In England, in the 1970s, there was a genre of jokes known as ‘Irish Jokes,’ which relied upon the understanding that there would be a stupid Irishman as the butt of every joke. One such joke (which also takes other forms) has an Englishman stopping to ask an Irishman for directions. The Irishman pauses for thought. Then he replies: “I wouldn’t start from here.” However, is this really such a stupid answer? Of course this answer can be read as a failure to understand the basic logic of giving directions. However, it might be more interesting to read the answer as a refusal to accept the terms of the question or as a withdrawal from its logic. It’s not hard to imagine an Irish worker winding up an English landowner with such an answer, for example. Indeed, the humour of the joke might come not from the apparent stupidity of the answer but precisely from our identification with the fictitious Irishman: from our recognition of the way all questions attempt to impose a logic upon us.
Withdrawal form the habitual choices of art means not being at home. Familiarity is not simply a matter of knowing the explicit rules but of knowing when the rules apply and when they don’t. In other words, the Law depends upon unspoken supplements and common knowledge. At a trivial, everyday level, when I bump into my neighbour and he ritually asks ‘How are you?’ he expects the answer ‘Fine.’ A detailed description of my various ailments would be taken as a troubling deviation from the protocols of such situations.

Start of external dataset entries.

lemma smooth_compose:
  assumes "smooth F" "smooth f"
  shows "smooth (\<lambda>x. F (f x))"
proof (rule smooth_algebra_smooth[where B = "{\<lambda>x. G (f x) | G. smooth G}"])
  fix h assume "h \<in> {\<lambda>x. G (f x) | G. smooth G}"
  then obtain G where h: "h = (\<lambda>x. G (f x))" and "smooth G" by blast
  then obtain G' where G': "\<And>y. (G has_real_derivative G' y) (at y)" "smooth G'"
    by (metis smoothE)
  from \<open>smooth f\<close> obtain f' where f': "\<And>x. (f has_real_derivative f' x) (at x)" "smooth f'"
    by (blast elim: smoothE)
  have "(h has_real_derivative G' (f x) * f' x) (at x)" for x
    unfolding h by (rule DERIV_chain2[OF G'(1) f'(1)])
  moreover have "(\<lambda>x. G' (f x) * f' x) \<in> smooth_algebra {\<lambda>x. G (f x) | G. smooth G}"
    by (rule smooth_algebra.mult[OF smooth_algebra.base smooth_algebra.smooth])
      (use G'(2) f'(2) in auto)
  ultimately show "\<exists>h'. (\<forall>x. (h has_real_derivative h' x) (at x)) \<and>
      h' \<in> smooth_algebra {\<lambda>x. G (f x) | G. smooth G}"
    by (intro exI[of _ "\<lambda>x. G' (f x) * f' x"]) simp
qed (use assms in \<open>blast intro: smooth_algebra.base\<close>)

lemma smooth_inverse:
  assumes "smooth f" and nz: "\<And>x. f x \<noteq> 0"
  shows "smooth (\<lambda>x. inverse (f x))"
proof (rule smooth_algebra_smooth[where B = "{\<lambda>x. inverse (f x)}"])
  fix h assume "h \<in> {\<lambda>x. inverse (f x)}"
  then have h: "h = (\<lambda>x. inverse (f x))" by simp
  from \<open>smooth f\<close> obtain f' where f': "\<And>x. (f has_real_derivative f' x) (at x)" "smooth f'"
    by (blast elim: smoothE)
  have "(h has_real_derivative (- f' x) * (h x * h x)) (at x)" for x
    unfolding h using f'(1)[of x] nz[of x]
    by (auto intro!: derivative_eq_intros simp: field_simps power2_eq_square)
  moreover have "(\<lambda>x. (- f' x) * (h x * h x)) \<in> smooth_algebra {h}"
    by (rule smooth_algebra.mult[OF smooth_algebra.smooth
          smooth_algebra.mult[OF smooth_algebra.base smooth_algebra.base]])
      (use smooth_mult[OF smooth_const[of "-1"] f'(2)] in auto)
  ultimately show "\<exists>h'. (\<forall>x. (h has_real_derivative h' x) (at x)) \<and>
      h' \<in> smooth_algebra {\<lambda>x. inverse (f x)}"
    using h by (intro exI[of _ "\<lambda>x. (- f' x) * (h x * h x)"]) simp
qed (simp add: smooth_algebra.base)
section \<open>The three relations for the second kind functions\<close>

lemma funQ_contiguous_relation:
  assumes S: "lower_unitriangular S" and v: "finite_moments v"
    and chol': "cholesky (moment_matrix v') S' H'" and v': "finite_moments v'"
    and rel: "\<And>k. c * v k = (of_nat k + c) * v' k"
    and z: "\<forall>k::nat. z \<noteq> of_nat k"
  shows "c * ltmv S' (ltmv (ltinv S) (\<lambda>m. funQ S v m z)) n
    = (z + c) * funQ S' v' n z - (if n = 0 then H' 0 else 0)"
proof -
  have "ltmv (ltinv S) (\<lambda>m. funQ S v m z) = moment (\<lambda>k. v k * inverse (z - of_nat k))"
    using ltmv_ltinv_ltmv [OF S] by (simp add: funQ_eq_ltmv_moment [OF v])
  then have "c * ltmv S' (ltmv (ltinv S) (\<lambda>m. funQ S v m z)) n
      = ltmv S' (\<lambda>l. c * moment (\<lambda>k. v k * inverse (z - of_nat k)) l) n"
    by (simp add: ltmv_cmult)
  also have "(\<lambda>l. c * moment (\<lambda>k. v k * inverse (z - of_nat k)) l)
      = moment (\<lambda>k. v' k * ((of_nat k + c) / (z - of_nat k)))"
  proof
    fix l
    have "c * (v k * inverse (z - of_nat k)) = v' k * ((of_nat k + c) / (z - of_nat k))" for k
      using rel [of k] by (simp add: divide_inverse mult.assoc [symmetric])
    then show "c * moment (\<lambda>k. v k * inverse (z - of_nat k)) l
        = moment (\<lambda>k. v' k * ((of_nat k + c) / (z - of_nat k))) l"
      by (simp add: moment_cmult summable_moment_Bseq [OF v Bseq_inverse_diff_of_nat])
  qed
  also have "ltmv S' (moment (\<lambda>k. v' k * ((of_nat k + c) / (z - of_nat k)))) n
      = (z + c) * funQ S' v' n z - (if n = 0 then H' 0 else 0)"
    by (rule ltmv_moment_shifted_cauchy [OF chol' v' z])
  finally show ?thesis .
qed

lemma ltmv_pascal_cauchy_moment:
  assumes v: "finite_moments v" and v': "finite_moments v'"
    and rel: "\<And>k. U * v k = of_nat (Suc k) * v' (Suc k)"
    and z: "\<forall>k::nat. z \<noteq> of_nat k"
  shows "ltmv pascal (moment (\<lambda>k. U * (v k * inverse (z - 1 - of_nat k)))) l
    = moment (\<lambda>k. v' k * (of_nat k / (z - of_nat k))) l"
proof -
  define h where "h k = of_nat k ^ l * (v' k * (of_nat k / (z - of_nat k)))" for k
  have "(of_nat k + 1) ^ l * (U * (v k * inverse (z - 1 - of_nat k))) = h (Suc k)" for k
  proof -
    have "(of_nat k + 1) ^ l * (U * (v k * inverse (z - 1 - of_nat k)))
        = (of_nat k + 1) ^ l * (U * v k * inverse (z - of_nat (Suc k)))"
      by (simp add: diff_diff_eq add.commute mult.assoc)
    also have "\<dots> = h (Suc k)"
      unfolding rel by (simp add: h_def divide_inverse add.commute mult_ac)
    finally show ?thesis .
  qed
  moreover have "summable (\<lambda>k. of_nat k ^ m * (U * (v k * inverse (z - 1 - of_nat k))))" for m
    using summable_mult [OF summable_moment_Bseq [OF v Bseq_inverse_diff_of_nat], of U]
    by (simp add: mult_ac)
  ultimately have "ltmv pascal (moment (\<lambda>k. U * (v k * inverse (z - 1 - of_nat k)))) l = (\<Sum>k. h (Suc k))"
    by (simp add: ltmv_pascal_moment)
  also have "\<dots> = suminf h"
  proof -
    have "Bseq (\<lambda>k. of_nat k / (z - of_nat k))"
      using Bseq_shifted_cauchy [OF z, of 0] by simp
    then have "summable h"
      unfolding h_def by (rule summable_moment_Bseq [OF v'])
    moreover have "h 0 = 0"
      by (simp add: h_def)
    ultimately show ?thesis
      by (simp add: suminf_split_head)
  qed
  finally show ?thesis
    by (simp add: moment_def h_def [abs_def])
qed
definition pairs :: "nat \<Rightarrow> (nat \<times> nat) set" where
  "pairs m = {(i1, i2). 1 \<le> i1 \<and> i1 < i2 \<and> i2 \<le> m}"

lemma finite_pairs: "finite (pairs m)"
  by (rule finite_subset[of _ "{1..m} \<times> {1..m}"]) (auto simp: pairs_def)

lemma pairs_mono: "m \<le> m' \<Longrightarrow> pairs m \<subseteq> pairs m'"
  by (auto simp: pairs_def)

lemma pairs_Suc: "pairs (Suc m) = pairs m \<union> (\<lambda>i. (i, Suc m)) ` {1..m}"
  by (auto simp: pairs_def le_Suc_eq)

lemma card_pairs: "2 * card (pairs m) = m * (m - 1)"
proof (induction m)
  case 0
  have "pairs 0 = {}" by (auto simp: pairs_def)
  then show ?case by simp
next
  case (Suc m)
  have "card (pairs (Suc m)) = card (pairs m) + m"
    unfolding pairs_Suc
    by (subst card_Un_disjoint) (auto simp: finite_pairs card_image inj_on_def, auto simp: pairs_def)
  with Suc.IH show ?case by (cases m) (auto simp: algebra_simps)
qed

lemma S3_Suc: "S3 (Suc m) = S3 m \<union> (\<lambda>(i1, i2). (i1, i2, Suc m)) ` pairs m"
  by (fastforce simp: S3_def pairs_def le_Suc_eq)

lemma S3_subset: "S3 m \<subseteq> (\<lambda>((i1, i2), i3). (i1, i2, i3)) ` (pairs m \<times> {3..m})"
proof
  fix t assume "t \<in> S3 m"
  then obtain i1 i2 i3 where "t = (i1, i2, i3)" "1 \<le> i1" "i1 < i2" "i2 < i3" "i3 \<le> m"
    unfolding S3_def by auto
  then show "t \<in> (\<lambda>((i1, i2), i3). (i1, i2, i3)) ` (pairs m \<times> {3..m})"
    by (auto simp: pairs_def image_iff intro!: bexI[of _ "((i1, i2), i3)"])
qed

lemma finite_S3: "finite (S3 m)"
  using S3_subset by (rule finite_subset) (simp add: finite_pairs)

lemma card_S3_le: "card (S3 m) \<le> card (pairs m) * (m - 2)"
proof -
  have "card (S3 m) \<le> card ((\<lambda>((i1, i2), i3). (i1, i2, i3)) ` (pairs m \<times> {3..m}))"
    using S3_subset by (rule card_mono[rotated]) (simp add: finite_pairs)
  also have "\<dots> \<le> card (pairs m \<times> {3..m})"
    by (rule card_image_le) (simp add: finite_pairs)
  finally show ?thesis by (simp add: card_cartesian_product)
qed

(* the ratio of the triple (i1, i2, m + 1) as a function of the value x assigned to m + 1 *)
definition new_ratio :: "(nat \<Rightarrow> 'a::field) \<Rightarrow> nat \<times> nat \<Rightarrow> 'a \<Rightarrow> 'a" where
  "new_ratio \<alpha> = (\<lambda>(i1, i2) x. (x - \<alpha> i1) / (\<alpha> i2 - \<alpha> i1))"

lemma new_ratio_affine:
  "new_ratio \<alpha> (i1, i2) x = inverse (\<alpha> i2 - \<alpha> i1) * x + - \<alpha> i1 * inverse (\<alpha> i2 - \<alpha> i1)"
  by (simp add: new_ratio_def divide_inverse algebra_simps)
lemma R_sr_ge_iff:
  assumes Ps: "0 < Ps" and Pr: "0 < Pr" and r: "0 < r" and C: "0 \<le> C" "C \<le> 1"
    and x: "0 \<le> x" and y: "0 \<le> y"
  shows "r \<le> R_sr Ps Pr C x y \<longleftrightarrow> sr_threshold Ps Pr C r y \<le> x"
proof -
  define b where "b = Pr * y + 1"
  define c where "c = Pr * y * C"
  define \<gamma> where "\<gamma> = (2::real) powr (2 * r) - 1"
  have b: "0 < b" unfolding b_def using Pr y by (simp add: add_nonneg_pos)
  have c: "0 \<le> c" "c \<le> Pr * y" unfolding c_def using Pr y C by (simp_all add: mult_left_le)
  then have cb: "c\<^sup>2 < b\<^sup>2" unfolding b_def by (intro power_strict_mono) auto
  have "b\<^sup>2 \<le> (Ps * x + b)\<^sup>2" using b Ps x by (intro power_mono) auto
  then have num: "0 < (Ps * x + b)\<^sup>2 - c\<^sup>2" using cb by linarith
  have root: "b * Psi r (c / b) = sqrt (b\<^sup>2 + \<gamma> * (b\<^sup>2 - c\<^sup>2)) - b"
  proof -
    have "b * sqrt (1 + \<gamma> * (1 - (c / b)\<^sup>2)) = sqrt (b\<^sup>2 * (1 + \<gamma> * (1 - (c / b)\<^sup>2)))"
      using b by (simp add: real_sqrt_mult)
    also have "b\<^sup>2 * (1 + \<gamma> * (1 - (c / b)\<^sup>2)) = b\<^sup>2 + \<gamma> * (b\<^sup>2 - c\<^sup>2)"
      using b by (simp add: field_simps power2_eq_square)
    finally show ?thesis unfolding Psi_def \<gamma>_def by (simp add: algebra_simps)
  qed
  have "r \<le> R_sr Ps Pr C x y \<longleftrightarrow> (1 + \<gamma>) * (b\<^sup>2 - c\<^sup>2) \<le> (Ps * x + b)\<^sup>2 - c\<^sup>2"
    unfolding R_sr_def using half_log2_ge_iff[of "b\<^sup>2 - c\<^sup>2" "(Ps * x + b)\<^sup>2 - c\<^sup>2" r] cb num
    by (simp add: b_def c_def \<gamma>_def add.assoc)
  also have "\<dots> \<longleftrightarrow> sqrt (b\<^sup>2 + \<gamma> * (b\<^sup>2 - c\<^sup>2)) \<le> Ps * x + b"
    using b Ps x by (subst sqrt_le_iff_le_square) (auto simp: algebra_simps)
  also have "\<dots> \<longleftrightarrow> b * Psi r (c / b) / Ps \<le> x"
    using Ps by (simp add: root pos_divide_le_eq algebra_simps)
  finally show ?thesis by (simp add: sr_threshold_def b_def c_def)
qed

lemma R_rd_ge_iff:
  assumes Ps: "0 < Ps" and Pr: "0 < Pr" and r: "0 < r" and C: "0 \<le> C" "C < 1"
    and x: "0 \<le> x" and y: "0 \<le> y"
  shows "r \<le> R_rd Ps Pr C x y \<longleftrightarrow> rd_threshold Ps Pr C r y \<le> x"
proof -
  define a where "a = Ps * y + 1"
  define Y where "Y = Pr * x"
  define D where "D = 1 - C\<^sup>2"
  define \<gamma> where "\<gamma> = (2::real) powr (2 * r) - 1"
  have a: "0 < a" unfolding a_def using Ps y by (simp add: add_nonneg_pos)
  have Y: "0 \<le> Y" unfolding Y_def using Pr x by simp
  have D: "0 < D" unfolding D_def using C by (simp add: abs_square_less_1)
  have \<gamma>: "0 < \<gamma>" unfolding \<gamma>_def using r by simp
  have "(Y * C)\<^sup>2 \<le> Y\<^sup>2"
    using C Y by (simp add: power_mult_distrib mult_left_le power_le_one)
  moreover have "Y\<^sup>2 < (Y + a)\<^sup>2"
    using a Y by (intro power_strict_mono) auto
  ultimately have num: "0 < (Y + a)\<^sup>2 - (Y * C)\<^sup>2" by linarith
  have square: "D * ((Y + a)\<^sup>2 - (Y * C)\<^sup>2 - (1 + \<gamma>) * a\<^sup>2) = (D * Y + a)\<^sup>2 - (a * sqrt (1 + \<gamma> * D))\<^sup>2"
  proof -
    have "(a * sqrt (1 + \<gamma> * D))\<^sup>2 = a\<^sup>2 * (1 + \<gamma> * D)"
      using D \<gamma> by (simp add: power_mult_distrib)
    then show ?thesis by (simp add: D_def power2_eq_square algebra_simps)
  qed
  have "r \<le> R_rd Ps Pr C x y \<longleftrightarrow> (1 + \<gamma>) * a\<^sup>2 \<le> (Y + a)\<^sup>2 - (Y * C)\<^sup>2"
    unfolding R_rd_def using half_log2_ge_iff[of "a\<^sup>2" "(Y + a)\<^sup>2 - (Y * C)\<^sup>2" r] a num
    by (simp add: a_def Y_def \<gamma>_def add.assoc add.left_commute)
  also have "\<dots> \<longleftrightarrow> 0 \<le> D * ((Y + a)\<^sup>2 - (Y * C)\<^sup>2 - (1 + \<gamma>) * a\<^sup>2)"
    using D by (simp add: zero_le_mult_iff)
  also have "\<dots> \<longleftrightarrow> (a * sqrt (1 + \<gamma> * D))\<^sup>2 \<le> (D * Y + a)\<^sup>2"
    unfolding square by simp
  also have "\<dots> \<longleftrightarrow> a * sqrt (1 + \<gamma> * D) \<le> D * Y + a"
    using a D Y \<gamma> by (intro power2_le_iff_abs_le[THEN trans]) auto
  also have "\<dots> \<longleftrightarrow> a * Psi r C \<le> Y * D"
    by (simp add: Psi_def \<gamma>_def D_def algebra_simps)
  also have "\<dots> \<longleftrightarrow> rd_threshold Ps Pr C r y \<le> x"
    using Pr D by (simp add: rd_threshold_def a_def Y_def D_def pos_divide_le_eq mult_ac)
  finally show ?thesis .
qed

lemma borel_measurable_R_sr [measurable]:
  "(\<lambda>(x, y). R_sr Ps Pr C x y) \<in> borel_measurable (lborel \<Otimes>\<^sub>M lborel)"
  unfolding R_sr_def by measurable

lemma borel_measurable_R_rd [measurable]:
  "(\<lambda>(x, y). R_rd Ps Pr C x y) \<in> borel_measurable (lborel \<Otimes>\<^sub>M lborel)"
  unfolding R_rd_def by measurable

lemma sets_pair_lborel_le:
  fixes f :: "real \<Rightarrow> real \<Rightarrow> real"
  assumes "(\<lambda>(x, y). f x y) \<in> borel_measurable (lborel \<Otimes>\<^sub>M lborel)"
  shows "{(x, y). r \<le> f x y} \<in> sets (lborel \<Otimes>\<^sub>M lborel)"
proof -
  have "{(x, y). r \<le> f x y} = {p \<in> space (lborel \<Otimes>\<^sub>M lborel). r \<le> (\<lambda>(x, y). f x y) p}"
    by (auto simp: space_pair_measure)
  also have "\<dots> \<in> sets (lborel \<Otimes>\<^sub>M lborel)"
    using assms by measurable
  finally show ?thesis .
qed


section \<open>Independent pairs of random variables\<close>

lemma (in prob_space) indep_var_restrict_compose:
  assumes "indep_vars M' X I" "A \<inter> B = {}" "A \<subseteq> I" "B \<subseteq> I"
    and "F \<in> measurable (PiM A M') N" "G \<in> measurable (PiM B M') N'"
  shows "indep_var N (\<lambda>\<omega>. F (restrict (\<lambda>i. X i \<omega>) A)) N' (\<lambda>\<omega>. G (restrict (\<lambda>i. X i \<omega>) B))"
  using indep_var_compose[OF indep_var_restrict[OF assms(1-4)] assms(5,6)] by (simp add: comp_def)

lemma (in prob_space) indep_vars_list4:
  fixes A B C D :: "'a \<Rightarrow> real"
  assumes ind: "indep_vars (\<lambda>_. borel) (\<lambda>i. [A, B, C, D] ! i) {0..<4}"
  shows "indep_var (lborel \<Otimes>\<^sub>M lborel) (\<lambda>\<omega>. (A \<omega>, B \<omega>)) (lborel \<Otimes>\<^sub>M lborel) (\<lambda>\<omega>. (C \<omega>, D \<omega>))"
    and "indep_var lborel A lborel B"
    and "indep_var lborel C lborel D"
proof -
  have pair: "(\<lambda>f::nat \<Rightarrow> real. (f i, f j)) \<in> measurable (PiM {i, j} (\<lambda>_. borel)) (lborel \<Otimes>\<^sub>M lborel)"
    for i j by measurable
  have single: "(\<lambda>f::nat \<Rightarrow> real. f i) \<in> measurable (PiM {i} (\<lambda>_. borel)) lborel" for i
    by measurable
  from indep_var_restrict_compose[OF ind _ _ _ pair pair, of 0 1 2 3]
  show "indep_var (lborel \<Otimes>\<^sub>M lborel) (\<lambda>\<omega>. (A \<omega>, B \<omega>)) (lborel \<Otimes>\<^sub>M lborel) (\<lambda>\<omega>. (C \<omega>, D \<omega>))"
    by simp
  from indep_var_restrict_compose[OF ind _ _ _ single single, of 0 1]
  show "indep_var lborel A lborel B" by simp
  from indep_var_restrict_compose[OF ind _ _ _ single single, of 2 3]
  show "indep_var lborel C lborel D" by simp
qed

lemma (in prob_space) prob_min_lt_indep:
  fixes f g :: "'x \<Rightarrow> real"
  assumes ind: "indep_var N X N' Y"
    and f: "f \<in> borel_measurable N" and g: "g \<in> borel_measurable N'"
  shows "prob {\<omega> \<in> space M. min (f (X \<omega>)) (g (Y \<omega>)) < r}
       = 1 - prob {\<omega> \<in> space M. r \<le> f (X \<omega>)} * prob {\<omega> \<in> space M. r \<le> g (Y \<omega>)}"
proof -
  have X: "random_variable N X" and Y: "random_variable N' Y"
    using indep_var_rv1[OF ind] indep_var_rv2[OF ind] .
  define A where "A = {x \<in> space N. r \<le> f x}"
  define B where "B = {y \<in> space N'. r \<le> g y}"
  note [measurable] = f g
  have sets: "A \<in> sets N" "B \<in> sets N'"
    unfolding A_def B_def by measurable
  have XA: "X -` A \<inter> space M = {\<omega> \<in> space M. r \<le> f (X \<omega>)}"
    and YB: "Y -` B \<inter> space M = {\<omega> \<in> space M. r \<le> g (Y \<omega>)}"
    using measurable_space[OF X] measurable_space[OF Y] by (auto simp: A_def B_def)
  have "{\<omega> \<in> space M. min (f (X \<omega>)) (g (Y \<omega>)) < r}
      = space M - (\<lambda>\<omega>. (X \<omega>, Y \<omega>)) -` (A \<times> B) \<inter> space M"
    using measurable_space[OF X] measurable_space[OF Y] by (auto simp: A_def B_def)
  also have "prob \<dots> = 1 - prob ((\<lambda>\<omega>. (X \<omega>, Y \<omega>)) -` (A \<times> B) \<inter> space M)"
    using X Y pair_measureI[OF sets] by (intro prob_compl) measurable
  finally show ?thesis
    using indep_varD[OF ind sets] by (simp add: XA YB)
qed

lemma (in prob_space) emeasure_indep_pair_density:
  assumes X: "distributed M lborel X (\<lambda>x. ennreal (f x))"
    and Y: "distributed M lborel Y (\<lambda>y. ennreal (g y))"
    and ind: "indep_var lborel X lborel Y"
    and S: "S \<in> sets (lborel \<Otimes>\<^sub>M lborel)"
  shows "emeasure M ((\<lambda>\<omega>. (X \<omega>, Y \<omega>)) -` S \<inter> space M)
       = (\<integral>\<^sup>+y. \<integral>\<^sup>+x. ennreal (f x) * ennreal (g y) * indicator S (x, y) \<partial>lborel \<partial>lborel)"
proof -
  have joint: "distributed M (lborel \<Otimes>\<^sub>M lborel) (\<lambda>\<omega>. (X \<omega>, Y \<omega>))
      (\<lambda>(x, y). ennreal (f x) * ennreal (g y))"
    by (rule distributed_joint_indep[OF _ _ X Y ind]) (auto intro: lborel.sigma_finite_measure_axioms)
  have [measurable]: "(\<lambda>x. ennreal (f x)) \<in> borel_measurable lborel" "(\<lambda>y. ennreal (g y)) \<in> borel_measurable lborel"
    using distributed_borel_measurable[OF X] distributed_borel_measurable[OF Y] by simp_all
  have "emeasure M ((\<lambda>\<omega>. (X \<omega>, Y \<omega>)) -` S \<inter> space M)
      = (\<integral>\<^sup>+z. (case z of (x, y) \<Rightarrow> ennreal (f x) * ennreal (g y)) * indicator S z \<partial>(lborel \<Otimes>\<^sub>M lborel))"
    by (rule distributed_emeasure[OF joint S])
  also have "\<dots> = (\<integral>\<^sup>+y. \<integral>\<^sup>+x. ennreal (f x) * ennreal (g y) * indicator S (x, y) \<partial>lborel \<partial>lborel)"
    by (subst lborel_pair.nn_integral_snd[symmetric]) (use S in \<open>auto simp: case_prod_beta\<close>)
  finally show ?thesis .
qed
lemma sigma_twirl_sum:
  assumes "a < 2" "b < 2" "c < 2" "d < 2" "e < 2"
  shows "(\<Sum>q<4. sigma q a b * sigma q c d * sigma q d e * sigma q b a) =
    (if b = (a + c + d) mod 2 \<and> c = e then 2 else 0)"
proof -
  have "a = 0 \<or> a = 1" "b = 0 \<or> b = 1" "c = 0 \<or> c = 1" "d = 0 \<or> d = 1" "e = 0 \<or> e = 1"
    using assms by auto
  then show ?thesis
    unfolding sum_lessThan_4 by (elim disjE) (simp_all add: sigma_def)
qed

lemma index_mult_mat_sum:
  assumes "A \<in> carrier_mat nr d" "B \<in> carrier_mat d nc" "i < nr" "j < nc"
  shows "(A * B) $$ (i, j) = (\<Sum>l<d. A $$ (i, l) * B $$ (l, j))"
  using assms by (simp add: scalar_prod_def atLeast0LessThan)

lemma index_mult_diagonal_mult:
  assumes "A \<in> carrier_mat nr d" "D \<in> carrier_mat d d" "B \<in> carrier_mat d nc"
    and "diagonal_mat D" "i < nr" "j < nc"
  shows "(A * D * B) $$ (i, j) = (\<Sum>k<d. A $$ (i, k) * D $$ (k, k) * B $$ (k, j))"
proof -
  have AD: "(A * D) $$ (i, k) = A $$ (i, k) * D $$ (k, k)" if "k < d" for k
  proof -
    have "(A * D) $$ (i, k) = (\<Sum>l<d. if l = k then A $$ (i, l) * D $$ (l, k) else 0)"
      using assms that by (intro trans[OF index_mult_mat_sum] sum.cong) (auto simp: diagonal_mat_def)
    then show ?thesis
      using that by simp
  qed
  have "(A * D * B) $$ (i, j) = (\<Sum>k<d. (A * D) $$ (i, k) * B $$ (k, j))"
    using assms by (intro index_mult_mat_sum) auto
  then show ?thesis
    by (simp add: AD)
qed

lemma trace_mat_mult:
  assumes "A \<in> carrier_mat d m" "B \<in> carrier_mat m d"
  shows "trace_mat (A * B) = (\<Sum>i<d. \<Sum>j<m. A $$ (i, j) * B $$ (j, i))"
  using assms unfolding trace_mat_def by (simp add: scalar_prod_def atLeast0LessThan)

lemma ketbra_carrier: "ketbra d w \<in> carrier_mat d d"
  by (simp add: ketbra_def)

lemma diagonal_ketbra: "diagonal_mat (ketbra d w)"
  by (simp add: ketbra_def diagonal_mat_def)

lemma index_ketbra: "i < d \<Longrightarrow> j < d \<Longrightarrow> ketbra d w $$ (i, j) = of_bool (i = w \<and> j = w)"
  by (simp add: ketbra_def)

The displacement of being not-at-home entails two related possibilities for misunderstanding. The first is incomprehension: a failure to understand the everyday cultural habits and rituals which are taken for granted by those who are at home. In the film in which the fictional ambassador of Kazakhstan, Borat, played by Sacha Baron Cohen, tours the United States, he is, at one point, invited to a Republican dinner party. During the meal, he manages to convey to his host his needs to go to the toilet and is shown to the Bathroom. He returns carrying a small plastic bag. As he enquires of his host how he should dispose of this bag it becomes obvious, to her dismay, that this bag contains the result of his trip to the Bathroom. Here, we are not simply laughing at the discomfort of the xenophobic Republicans; more than this, we identify with Borat being out of place. Indeed, Borat is a vehicle for making the familiar strange, for making the invisible appear.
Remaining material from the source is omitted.